All about fucking. All about putting women in their place.
"Son, she's hairy..hairy like a nigga, son, you know what I mean son, she better shave that ass befo she get some. fuck that"
"i love those highschool girls. ya get um over and they do anything you tell em, and if they dont, just kick them out of the apartment. Dont care if they have clothes on or not"
"Son, you know so and so...her ass is so fine. I fucked that bitch so hard. "
"I wanna get so and so. Id fuck her and wake up next to her, and she'd put on those tight red panties. Id tell that bitch to get up and make me breakfast, son. Then I'd fuck her in the ass"
"you gotta keep yo women in line. none of this love stuff. lets fuck and be friends you know? if she say I love you, just hit her. then fuck her and she knows who's in charge."

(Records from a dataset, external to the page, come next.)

lemma ppp_slice_le_second_moment:
  assumes \<psi>: "(\<lambda>\<omega>. \<psi> (event_times \<omega>)) \<in> measurable obs_space (count_space UNIV)"
    and \<eta>: "0 < \<eta>"
  defines "p0 \<equiv> pmf (poisson_pmf (ppp_mean T \<Lambda>0))" and "p1 \<equiv> pmf (poisson_pmf (ppp_mean T \<Lambda>1))"
    and "c \<equiv> \<integral>t. (location_ratio t)\<^sup>2 \<partial>ppp_location T \<Lambda>0"
  shows "p1 n * measure (\<Pi>\<^sub>M i\<in>{..<n}. ppp_location T \<Lambda>1) (sample_event n \<psi>)
    \<le> (1 + \<eta>) * (p0 n * measure (\<Pi>\<^sub>M i\<in>{..<n}. ppp_location T \<Lambda>0) (sample_event n \<psi>))
      + ((p1 n)\<^sup>2 * c ^ n / p0 n - 2 * p1 n + p0 n) / (4 * \<eta>)"
proof -
  interpret prob_space "ppp_location T \<Lambda>0"
    by (rule R0.prob_space_ppp_location)
  let ?q0 = "measure (\<Pi>\<^sub>M i\<in>{..<n}. ppp_location T \<Lambda>0) (sample_event n \<psi>)"
  let ?q1 = "measure (\<Pi>\<^sub>M i\<in>{..<n}. ppp_location T \<Lambda>1) (sample_event n \<psi>)"
  have p0_pos: "0 < p0 n"
    using R0.ppp_mean_pos by (simp add: p0_def)
  then have "0 \<le> p1 n / p0 n"
    by (simp add: p1_def)
  have ratio_int: "integrable (ppp_location T \<Lambda>0) (\<lambda>t. location_ratio t ^ k)" for k
    using location_ratio_bounds
    by (intro integrable_const_bound[where B = "(ppp_mean T \<Lambda>0 * K / (ppp_mean T \<Lambda>1 * b)) ^ k"])
      (auto intro!: power_mono)
  (* on the n-point slice, P1 has density (p1 n / p0 n) * prod location_ratio with respect to P0 *)
  have bound: "?q1 * (p1 n / p0 n) \<le> (1 + \<eta>) * ?q0
      + ((p1 n / p0 n)\<^sup>2 * c ^ n - 2 * (p1 n / p0 n) + 1) / (4 * \<eta>)"
    unfolding ppp_location_eq_density c_def
    using \<open>0 \<le> p1 n / p0 n\<close> prob_space_axioms ratio_int[of 1] ratio_int[of 2] location_ratio_bounds
      integral_location_ratio sets_sample_event[OF \<psi>] \<eta>
    by (subst card_lessThan[symmetric], subst mult.commute,
        intro measure_PiM_density_le_second_moment) (auto cong: sets_PiM_cong)
  have rescale: "p * ((1 + \<eta>) * q + ((a / p)\<^sup>2 * x - 2 * (a / p) + 1) / (4 * \<eta>))
      = (1 + \<eta>) * (p * q) + (a\<^sup>2 * x / p - 2 * a + p) / (4 * \<eta>)"
    if "0 < p" for p a q x :: real
    using that \<eta> by (simp add: field_simps power2_eq_square)
  have "p1 n * ?q1 = p0 n * (?q1 * (p1 n / p0 n))"
    using p0_pos by simp
  also have "\<dots> \<le> p0 n * ((1 + \<eta>) * ?q0
      + ((p1 n / p0 n)\<^sup>2 * c ^ n - 2 * (p1 n / p0 n) + 1) / (4 * \<eta>))"
    using p0_pos by (intro mult_left_mono[OF bound]) simp
  also have "\<dots> = (1 + \<eta>) * (p0 n * ?q0) + ((p1 n)\<^sup>2 * c ^ n / p0 n - 2 * p1 n + p0 n) / (4 * \<eta>)"
    by (rule rescale[OF p0_pos])
  finally show ?thesis .
qed
theorem theorem2:
  fixes n :: nat
  assumes "3 \<le> n"
  shows "int (M n) = (GREATEST k::int. odd k \<and>
           real_of_int k \<le> 12 * real n - 2 * sqrt (18 * real n - 12) - 6)"
proof -
  define x where "x = 12 * real n - 2 * sqrt (18 * real n - 12) - 6"
  define G where "G = (GREATEST k::int. odd k \<and> real_of_int k \<le> x)"
  note G = Greatest_odd_le[where x=x, folded G_def]
  have upper: "hd ls \<le> nat G" if forest: "path_forest n ls" "impossibly_burnable m ls" for m ls
  proof -
    obtain k where "odd k" "int (hd ls) \<le> k" "real_of_int k \<le> x"
      using shortest_path_le_bound[OF assms forest] unfolding x_def .
    with G(4) show ?thesis by fastforce
  qed
  obtain m ls where extremal: "path_forest n ls" "impossibly_burnable m ls" "int (hd ls) = G"
    using extremal_forest_at_bound[OF assms G(1-3)[unfolded x_def]] unfolding x_def .
  have "ls \<noteq> []" "\<forall>l\<in>set ls. 1 \<le> l" using extremal(1) assms unfolding path_forest_def by auto
  then have "0 < hd ls" using hd_in_set[of ls] by fastforce
  have "M n = nat G" unfolding M_def
  proof (rule Least_equality)
    show "0 < nat G \<and> (\<forall>m ls. path_forest n ls \<and> impossibly_burnable m ls \<longrightarrow> hd ls \<le> nat G)"
      using upper \<open>0 < hd ls\<close> extremal(3) by auto
    show "nat G \<le> b" if "0 < b \<and> (\<forall>m ls. path_forest n ls \<and> impossibly_burnable m ls \<longrightarrow> hd ls \<le> b)" for b
      using that extremal by fastforce
  qed
  then show ?thesis using extremal(3) unfolding G_def x_def by simp
qed

end
(* Let $\widehat{\mathcal T}_\bullet$ be an admissible hierarchical mesh. Then the support of any $\widehat\beta\in\widehat{\mathcal H}_\bullet$ is the union of at most $2^d(p+1)^d$ elements of $\widehat{\mathcal T}_\bullet$. Moreover, for any $\widehat T\in\widehat{\mathcal T}_\bullet$ there are at most $2(p+1)^d$ functions $\widehat\beta'\in\widehat{\mathcal H}_\bullet$ with $|{\rm supp}(\widehat\beta')\cap\widehat T|>0$.
   Context: Parameter domain $\widehat\Omega=(0,1)^d$, $d\ge2$; degrees $p_1,\dots,p_d\ge1$, $p:=\max_ip_i$. For each $i$ let $\widehat{\mathcal K}^0_i=(t^0_{i,j})_{j=0}^{N^0_i+p_i}$ be a nondecreasing vector in $[0,1]$ whose first $p_i+1$ entries are $0$, last $p_i+1$ entries are $1$, interior knots of multiplicity $\le p_i$; $\widehat{\mathcal K}^{k+1}_i$ arises from $\widehat{\mathcal K}^k_i$ by inserting the midpoint of every nondegenerate knot span once. $\widehat{\mathcal B}^k$: tensor-product B-splines of degree $(p_1,\dots,p_d)$ for $\widehat{\mathcal K}^k$; $\widehat{\mathcal T}^k$: closed cells of level $k$ (nondegenerate boxes $\prod_i[t^k_{i,j_i-1},t^k_{i,j_i}]$). A hierarchical mesh is given by closed sets $[0,1]^d=\widehat\Omega^0_\bullet\supseteq\widehat\Omega^1_\bullet\supseteq\cdots$, each $\widehat\Omega^k_\bullet$ ($k\ge1$) a union of cells of $\widehat{\mathcal T}^{k-1}$, $\widehat\Omega^M_\bullet=\emptyset$ for some $M$; mesh $\widehat{\mathcal T}_\bullet=\bigcup_k\{\widehat T\in\widehat{\mathcal T}^k:\widehat T\subseteq\widehat\Omega^k_\bullet,\widehat T\not\subseteq\widehat\Omega^{k+1}_\bullet\}$ with ${\rm level}(\widehat T)=k$; hierarchical basis $\widehat{\mathcal H}_\bullet=\bigcup_k\{\widehat\beta\in\widehat{\mathcal B}^k:{\rm supp}\,\widehat\beta\subseteq\widehat\Omega^k_\bullet,{\rm supp}\,\widehat\beta\not\subseteq\widehat\Omega^{k+1}_\bullet\}$. Neighbors: $\mathcal N_\bullet(\widehat T)=\{\widehat T'\in\widehat{\mathcal T}_\bullet:\exists\widehat\beta\in\widehat{\mathcal H}_\bullet,\ \widehat T,\widehat T'\subseteq{\rm supp}\,\widehat\beta\}$. The mesh is admissible if $|{\rm level}(\widehat T)-{\rm level}(\widehat T')|\le1$ for all $\widehat T\in\widehat{\mathcal T}_\bullet$, $\widehat T'\in\mathcal N_\bullet(\widehat T)$. *)

theory Defs
  imports "HOL-Analysis.Analysis"
begin

fun refine_knots :: "real list \<Rightarrow> real list" where
  "refine_knots (x # y # r) =
     (if x < y then x # (x + y) / 2 # refine_knots (y # r) else x # refine_knots (y # r))"
| "refine_knots r = r"

text \<open>Univariate B-splines by the Cox--de Boor recursion (convention 0/0 = 0,
  which is Isabelle's division by zero).\<close>
fun bspl :: "real list \<Rightarrow> nat \<Rightarrow> nat \<Rightarrow> real \<Rightarrow> real" where
  "bspl t 0 j x = (if t ! j \<le> x \<and> x < t ! (j + 1) then 1 else 0)"
| "bspl t (Suc q) j x =
     (x - t ! j) / (t ! (j + q + 1) - t ! j) * bspl t q j x
   + (t ! (j + q + 2) - x) / (t ! (j + q + 2) - t ! (j + 1)) * bspl t q (j + 1) x"

definition open_knot_vector :: "nat \<Rightarrow> real list \<Rightarrow> bool" where
  "open_knot_vector q t \<longleftrightarrow>
     sorted t \<and> length t \<ge> 2 * (q + 1) \<and>
     take (q + 1) t = replicate (q + 1) 0 \<and>
     drop (length t - (q + 1)) t = replicate (q + 1) 1 \<and>
     (\<forall>x. 0 < x \<and> x < 1 \<longrightarrow> count_list t x \<le> q)"

definition lknots :: "('d \<Rightarrow> real list) \<Rightarrow> nat \<Rightarrow> 'd \<Rightarrow> real list" where
  "lknots K0 k i = (refine_knots ^^ k) (K0 i)"

definition tp_bspline :: "('d::finite \<Rightarrow> real list) \<Rightarrow> ('d \<Rightarrow> nat) \<Rightarrow> ('d \<Rightarrow> nat)
    \<Rightarrow> real^'d \<Rightarrow> real" where
  "tp_bspline t p j x = (\<Prod>i\<in>UNIV. bspl (t i) (p i) (j i) (x $ i))"

definition bsplines_lv :: "('d::finite \<Rightarrow> real list) \<Rightarrow> ('d \<Rightarrow> nat) \<Rightarrow> nat
    \<Rightarrow> (real^'d \<Rightarrow> real) set" where
  "bsplines_lv K0 p k =
     {tp_bspline (lknots K0 k) p j | j. \<forall>i. j i + p i + 1 < length (lknots K0 k i)}"

definition cells_lv :: "('d::finite \<Rightarrow> real list) \<Rightarrow> nat \<Rightarrow> (real^'d) set set" where
  "cells_lv K0 k =
     {{x. \<forall>i. lknots K0 k i ! (j i - 1) \<le> x $ i \<and> x $ i \<le> lknots K0 k i ! (j i)} | j.
        \<forall>i. 0 < j i \<and> j i < length (lknots K0 k i) \<and>
            lknots K0 k i ! (j i - 1) < lknots K0 k i ! (j i)}"
lemma sem_Init:
  fixes e :: "'b::finite \<Rightarrow> 'a"
  assumes v: "v \<in> Xall" and bij: "bij_betw e UNIV (ty v)" and types: "\<forall>u. zr u \<in> ty u"
  shows "sem ty zr Xall (Init v) \<rho> = (\<lambda>m p. if m \<in> assigns ty zr Xall \<and> p \<in> assigns ty zr Xall \<and>
      m v = zr v \<and> p v = zr v then \<Sum>k\<in>UNIV. \<rho> (m(v := e k)) (p(v := e k)) else 0)"
proof (intro ext)
  fix m p
  let ?A = "assigns ty zr Xall"
  have XU: "(Xall - {v}) \<union> {v} = Xall" using v by blast
  have inj: "inj (\<lambda>k. zr(v := e k))"
    using bij_betw_imp_inj_on[OF bij] by (auto simp: inj_def fun_eq_iff dest: fun_cong[where x = v])
  have pt: "ptrace ty zr (Xall - {v}) {v} \<rho> (restr zr (Xall - {v}) m) (restr zr (Xall - {v}) p) =
      (\<Sum>k\<in>UNIV. \<rho> (m(v := e k)) (p(v := e k)))" if mp: "m \<in> ?A" "p \<in> ?A"
  proof -
    have ra: "restr zr (Xall - {v}) q \<in> assigns ty zr (Xall - {v})" if "q \<in> ?A" for q
      by (rule restr_in_assigns[OF that]) auto
    have ov: "override_on (restr zr (Xall - {v}) q) (zr(v := e k)) {v} = q(v := e k)" if "q \<in> ?A" for q k
      using that unfolding override_on_def restr_def assigns_def by (auto simp: fun_eq_iff)
    have "ptrace ty zr (Xall - {v}) {v} \<rho> (restr zr (Xall - {v}) m) (restr zr (Xall - {v}) p) =
       infsum (\<lambda>n. \<rho> (override_on (restr zr (Xall - {v}) m) n {v})
                    (override_on (restr zr (Xall - {v}) p) n {v})) (range (\<lambda>k. zr(v := e k)))"
      using ra[OF mp(1)] ra[OF mp(2)] by (simp add: ptrace_eq assigns_singleton[where ty = ty and v = v, OF bij])
    also have "\<dots> = infsum (\<lambda>k. \<rho> (m(v := e k)) (p(v := e k))) UNIV"
      by (simp add: infsum_reindex[OF inj] o_def ov[OF mp(1)] ov[OF mp(2)])
    finally show ?thesis by simp
  qed
  have "proj0 zr (restr zr {v} m) (restr zr {v} p) = (if m v = zr v \<and> p v = zr v then 1 else 0)"
    unfolding proj0_def by (simp add: restr_singleton_eq_zr)
  then show "sem ty zr Xall (Init v) \<rho> m p = (if m \<in> ?A \<and> p \<in> ?A \<and> m v = zr v \<and> p v = zr v
      then \<Sum>k\<in>UNIV. \<rho> (m(v := e k)) (p(v := e k)) else 0)"
    unfolding sem.simps tensor_op_def XU using pt by auto
qed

IM NOT EVEN KIDDING. this is just part of the "exact as I can remember them" quotes. And these guys were going on and on and on. The whole car was quiet except for these assholes. So, this is what I meant by a Stacy Pershall moment. I dont often find myself in situations where people are asshole animals. But it's exactly the sort of train car my good friend would find herself in. And I imagined that if I were her, I would have something poignant and intelligent (yet angry) to say to them. But since I wasnt, I was going to try and review which fossa the trochlear process fit into and pretend none of them existed.
As I walked the 7 blocks home, I was torn between moving to the boon-docks or volunteering to rescue all the disadvantaged women from the city by moving them to a happy island far far away.
I know guys talk about girls and girls talk about guys. And sometime people are trying to impress their friends, but this wasnt like that. Im not a writer. I cant truly capture the moment at all. But im still very upset.